Data records
· · · ·
(* Let $n\ge1$ and let $\alpha=(\alpha_t)_{t\ge2},\beta=(\beta_t)_{t\ge2},\gamma=(\gamma_t)_{t\ge2},\delta=(\delta_t)_{t\ge2}$ be sequences of nonnegative integers. The number of Type OC permutations $\sigma\in\mathfrak S_n$ with $\mathrm{nu}_t(\sigma)=\alpha_t$, $\mathrm{cu}_t(\sigma)=\beta_t$, $\mathrm{nl}_t(\sigma)=\gamma_t$, $\mathrm{cl}_t(\sigma)=\delta_t$ for all $t\ge2$ equals the number of Type OC permutations $\sigma\in\mathfrak S_n$ with $\mathrm{nu}_t(\sigma)=\beta_t$, $\mathrm{cu}_t(\sigma)=\alpha_t$, $\mathrm{nl}_t(\sigma)=\delta_t$, $\mathrm{cl}_t(\sigma)=\gamma_t$ for all $t\ge2$. That is, the label $(\mathrm{nu}_2,\dots;\mathrm{cu}_2,\dots;\mathrm{nl}_2,\dots;\mathrm{cl}_2,\dots)$ and the label $(\mathrm{cu}_2,\dots;\mathrm{nu}_2,\dots;\mathrm{cl}_2,\dots;\mathrm{nl}_2,\dots)$ are equidistributed over Type OC permutations of $[n]$.
   Context: For $\sigma\in\mathfrak S_n$: the upper arcs of $\sigma$ are the pairs $(a,\sigma(a))$ with $a\le\sigma(a)$ (a fixed point gives a loop $(a,a)$); the lower arcs are the pairs $(\sigma(a),a)$ with $\sigma(a)<a$. An element $x\in[n]$ is an upper opener if $x\le\sigma(x)$, an upper closer if $\sigma^{-1}(x)\le x$, a lower opener if $\sigma^{-1}(x)>x$, and a lower closer if $\sigma(x)<x$. For $t\ge2$: an upper $t$-crossing (enhanced) is a set of $t$ upper arcs $(a_1,b_1),\dots,(a_t,b_t)$ with $a_1<\dots<a_t\le b_1<b_2<\dots<b_t$; an upper $t$-nesting (enhanced) is a set of $t$ upper arcs with $a_1<\dots<a_t\le b_t<b_{t-1}<\dots<b_1$; a lower $t$-crossing is a set of $t$ lower arcs $(c_1,d_1),\dots,(c_t,d_t)$ with $c_1<\dots<c_t<d_1<\dots<d_t$; a lower $t$-nesting is a set of $t$ lower arcs with $c_1<\dots<c_t<d_t<\dots<d_1$. Let $\mathrm{nu}_t(\sigma),\mathrm{cu}_t(\sigma),\mathrm{nl}_t(\sigma),\mathrm{cl}_t(\sigma)$ be the numbers of upper $t$-nestings, upper $t$-crossings, lower $t$-nestings and lower $t$-crossings of $\sigma$. $\sigma$ is of Type OC if there are integers $0=s_0<s_1<\dots<s_r=n$ such that each interval $I=[s_{q-1}+1,s_q]$ satisfies $\sigma(I)=I$ and: (a) every lower opener in $I$ is strictly smaller than every lower closer in $I$ (in particular no element is both); (b) there are no $x<y$ in $I$ with $x$ an upper closer and $y$ an upper opener. *)

theory Defs
  imports "HOL-Combinatorics.Permutations"
begin

text \<open>Permutations of [n] = {1..n} are functions sigma :: nat => nat with sigma permutes {1..n}.\<close>

definition upper_arcs :: "nat \<Rightarrow> (nat \<Rightarrow> nat) \<Rightarrow> (nat \<times> nat) set" where
  "upper_arcs n \<sigma> = {(a, \<sigma> a) | a. a \<in> {1..n} \<and> a \<le> \<sigma> a}"

definition lower_arcs :: "nat \<Rightarrow> (nat \<Rightarrow> nat) \<Rightarrow> (nat \<times> nat) set" where
  "lower_arcs n \<sigma> = {(\<sigma> a, a) | a. a \<in> {1..n} \<and> \<sigma> a < a}"

definition upper_opener :: "(nat \<Rightarrow> nat) \<Rightarrow> nat \<Rightarrow> bool" where
  "upper_opener \<sigma> x \<longleftrightarrow> x \<le> \<sigma> x"
definition upper_closer :: "(nat \<Rightarrow> nat) \<Rightarrow> nat \<Rightarrow> bool" where
  "upper_closer \<sigma> x \<longleftrightarrow> inv \<sigma> x \<le> x"
definition lower_opener :: "(nat \<Rightarrow> nat) \<Rightarrow> nat \<Rightarrow> bool" where
  "lower_opener \<sigma> x \<longleftrightarrow> inv \<sigma> x > x"
definition lower_closer :: "(nat \<Rightarrow> nat) \<Rightarrow> nat \<Rightarrow> bool" where
  "lower_closer \<sigma> x \<longleftrightarrow> \<sigma> x < x"

definition is_pattern ::
  "((nat \<Rightarrow> nat) \<Rightarrow> (nat \<Rightarrow> nat) \<Rightarrow> bool) \<Rightarrow> nat \<Rightarrow> (nat \<times> nat) set \<Rightarrow> bool" where
  "is_pattern P t S \<longleftrightarrow> card S = t \<and>
     (\<exists>a b. S = (\<lambda>i. (a i, b i)) ` {1..t} \<and> P a b)"

definition up_cross_shape :: "nat \<Rightarrow> (nat \<Rightarrow> nat) \<Rightarrow> (nat \<Rightarrow> nat) \<Rightarrow> bool" where
  "up_cross_shape t a b \<longleftrightarrow> (\<forall>i\<in>{1..<t}. a i < a (i+1) \<and> b i < b (i+1)) \<and> a t \<le> b 1"
definition up_nest_shape :: "nat \<Rightarrow> (nat \<Rightarrow> nat) \<Rightarrow> (nat \<Rightarrow> nat) \<Rightarrow> bool" where
  "up_nest_shape t a b \<longleftrightarrow> (\<forall>i\<in>{1..<t}. a i < a (i+1) \<and> b (i+1) < b i) \<and> a t \<le> b t"
definition low_cross_shape :: "nat \<Rightarrow> (nat \<Rightarrow> nat) \<Rightarrow> (nat \<Rightarrow> nat) \<Rightarrow> bool" where
  "low_cross_shape t c d \<longleftrightarrow> (\<forall>i\<in>{1..<t}. c i < c (i+1) \<and> d i < d (i+1)) \<and> c t < d 1"
definition low_nest_shape :: "nat \<Rightarrow> (nat \<Rightarrow> nat) \<Rightarrow> (nat \<Rightarrow> nat) \<Rightarrow> bool" where
  "low_nest_shape t c d \<longleftrightarrow> (\<forall>i\<in>{1..<t}. c i < c (i+1) \<and> d (i+1) < d i) \<and> c t < d t"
· · · ·
Aim of the exercise
Nothing in the entries may be left out; each line is to be output exactly.

Task output
(* Let $n\ge1$ and let $\alpha=(\alpha_t)_{t\ge2},\beta=(\beta_t)_{t\ge2},\gamma=(\gamma_t)_{t\ge2},\delta=(\delta_t)_{t\ge2}$ be sequences of nonnegative integers. The number of Type OC permutations $\sigma\in\mathfrak S_n$ with $\mathrm{nu}_t(\sigma)=\alpha_t$, $\mathrm{cu}_t(\sigma)=\beta_t$, $\mathrm{nl}_t(\sigma)=\gamma_t$, $\mathrm{cl}_t(\sigma)=\delta_t$ for all $t\ge2$ equals the number of Type OC permutations $\sigma\in\mathfrak S_n$ with $\mathrm{nu}_t(\sigma)=\beta_t$, $\mathrm{cu}_t(\sigma)=\alpha_t$, $\mathrm{nl}_t(\sigma)=\delta_t$, $\mathrm{cl}_t(\sigma)=\gamma_t$ for all $t\ge2$. That is, the label $(\mathrm{nu}_2,\dots;\mathrm{cu}_2,\dots;\mathrm{nl}_2,\dots;\mathrm{cl}_2,\dots)$ and the label $(\mathrm{cu}_2,\dots;\mathrm{nu}_2,\dots;\mathrm{cl}_2,\dots;\mathrm{nl}_2,\dots)$ are equidistributed over Type OC permutations of $[n]$.
   Context: For $\sigma\in\mathfrak S_n$: the upper arcs of $\sigma$ are the pairs $(a,\sigma(a))$ with $a\le\sigma(a)$ (a fixed point gives a loop $(a,a)$); the lower arcs are the pairs $(\sigma(a),a)$ with $\sigma(a)<a$. An element $x\in[n]$ is an upper opener if $x\le\sigma(x)$, an upper closer if $\sigma^{-1}(x)\le x$, a lower opener if $\sigma^{-1}(x)>x$, and a lower closer if $\sigma(x)<x$. For $t\ge2$: an upper $t$-crossing (enhanced) is a set of $t$ upper arcs $(a_1,b_1),\dots,(a_t,b_t)$ with $a_1<\dots<a_t\le b_1<b_2<\dots<b_t$; an upper $t$-nesting (enhanced) is a set of $t$ upper arcs with $a_1<\dots<a_t\le b_t<b_{t-1}<\dots<b_1$; a lower $t$-crossing is a set of $t$ lower arcs $(c_1,d_1),\dots,(c_t,d_t)$ with $c_1<\dots<c_t<d_1<\dots<d_t$; a lower $t$-nesting is a set of $t$ lower arcs with $c_1<\dots<c_t<d_t<\dots<d_1$. Let $\mathrm{nu}_t(\sigma),\mathrm{cu}_t(\sigma),\mathrm{nl}_t(\sigma),\mathrm{cl}_t(\sigma)$ be the numbers of upper $t$-nestings, upper $t$-crossings, lower $t$-nestings and lower $t$-crossings of $\sigma$. $\sigma$ is of Type OC if there are integers $0=s_0<s_1<\dots<s_r=n$ such that each interval $I=[s_{q-1}+1,s_q]$ satisfies $\sigma(I)=I$ and: (a) every lower opener in $I$ is strictly smaller than every lower closer in $I$ (in particular no element is both); (b) there are no $x<y$ in $I$ with $x$ an upper closer and $y$ an upper opener. *)

theory Defs
  imports "HOL-Combinatorics.Permutations"
begin

text \<open>Permutations of [n] = {1..n} are functions sigma :: nat => nat with sigma permutes {1..n}.\<close>

definition upper_arcs :: "nat \<Rightarrow> (nat \<Rightarrow> nat) \<Rightarrow> (nat \<times> nat) set" where
  "upper_arcs n \<sigma> = {(a, \<sigma> a) | a. a \<in> {1..n} \<and> a \<le> \<sigma> a}"

definition lower_arcs :: "nat \<Rightarrow> (nat \<Rightarrow> nat) \<Rightarrow> (nat \<times> nat) set" where
  "lower_arcs n \<sigma> = {(\<sigma> a, a) | a. a \<in> {1..n} \<and> \<sigma> a < a}"

definition upper_opener :: "(nat \<Rightarrow> nat) \<Rightarrow> nat \<Rightarrow> bool" where
  "upper_opener \<sigma> x \<longleftrightarrow> x \<le> \<sigma> x"
definition upper_closer :: "(nat \<Rightarrow> nat) \<Rightarrow> nat \<Rightarrow> bool" where
  "upper_closer \<sigma> x \<longleftrightarrow> inv \<sigma> x \<le> x"
definition lower_opener :: "(nat \<Rightarrow> nat) \<Rightarrow> nat \<Rightarrow> bool" where
  "lower_opener \<sigma> x \<longleftrightarrow> inv \<sigma> x > x"
definition lower_closer :: "(nat \<Rightarrow> nat) \<Rightarrow> nat \<Rightarrow> bool" where
  "lower_closer \<sigma> x \<longleftrightarrow> \<sigma> x < x"

definition is_pattern ::
  "((nat \<Rightarrow> nat) \<Rightarrow> (nat \<Rightarrow> nat) \<Rightarrow> bool) \<Rightarrow> nat \<Rightarrow> (nat \<times> nat) set \<Rightarrow> bool" where
  "is_pattern P t S \<longleftrightarrow> card S = t \<and>
     (\<exists>a b. S = (\<lambda>i. (a i, b i)) ` {1..t} \<and> P a b)"

definition up_cross_shape :: "nat \<Rightarrow> (nat \<Rightarrow> nat) \<Rightarrow> (nat \<Rightarrow> nat) \<Rightarrow> bool" where
  "up_cross_shape t a b \<longleftrightarrow> (\<forall>i\<in>{1..<t}. a i < a (i+1) \<and> b i < b (i+1)) \<and> a t \<le> b 1"
definition up_nest_shape :: "nat \<Rightarrow> (nat \<Rightarrow> nat) \<Rightarrow> (nat \<Rightarrow> nat) \<Rightarrow> bool" where
  "up_nest_shape t a b \<longleftrightarrow> (\<forall>i\<in>{1..<t}. a i < a (i+1) \<and> b (i+1) < b i) \<and> a t \<le> b t"
definition low_cross_shape :: "nat \<Rightarrow> (nat \<Rightarrow> nat) \<Rightarrow> (nat \<Rightarrow> nat) \<Rightarrow> bool" where
  "low_cross_shape t c d \<longleftrightarrow> (\<forall>i\<in>{1..<t}. c i < c (i+1) \<and> d i < d (i+1)) \<and> c t < d 1"
definition low_nest_shape :: "nat \<Rightarrow> (nat \<Rightarrow> nat) \<Rightarrow> (nat \<Rightarrow> nat) \<Rightarrow> bool" where
  "low_nest_shape t c d \<longleftrightarrow> (\<forall>i\<in>{1..<t}. c i < c (i+1) \<and> d (i+1) < d i) \<and> c t < d t"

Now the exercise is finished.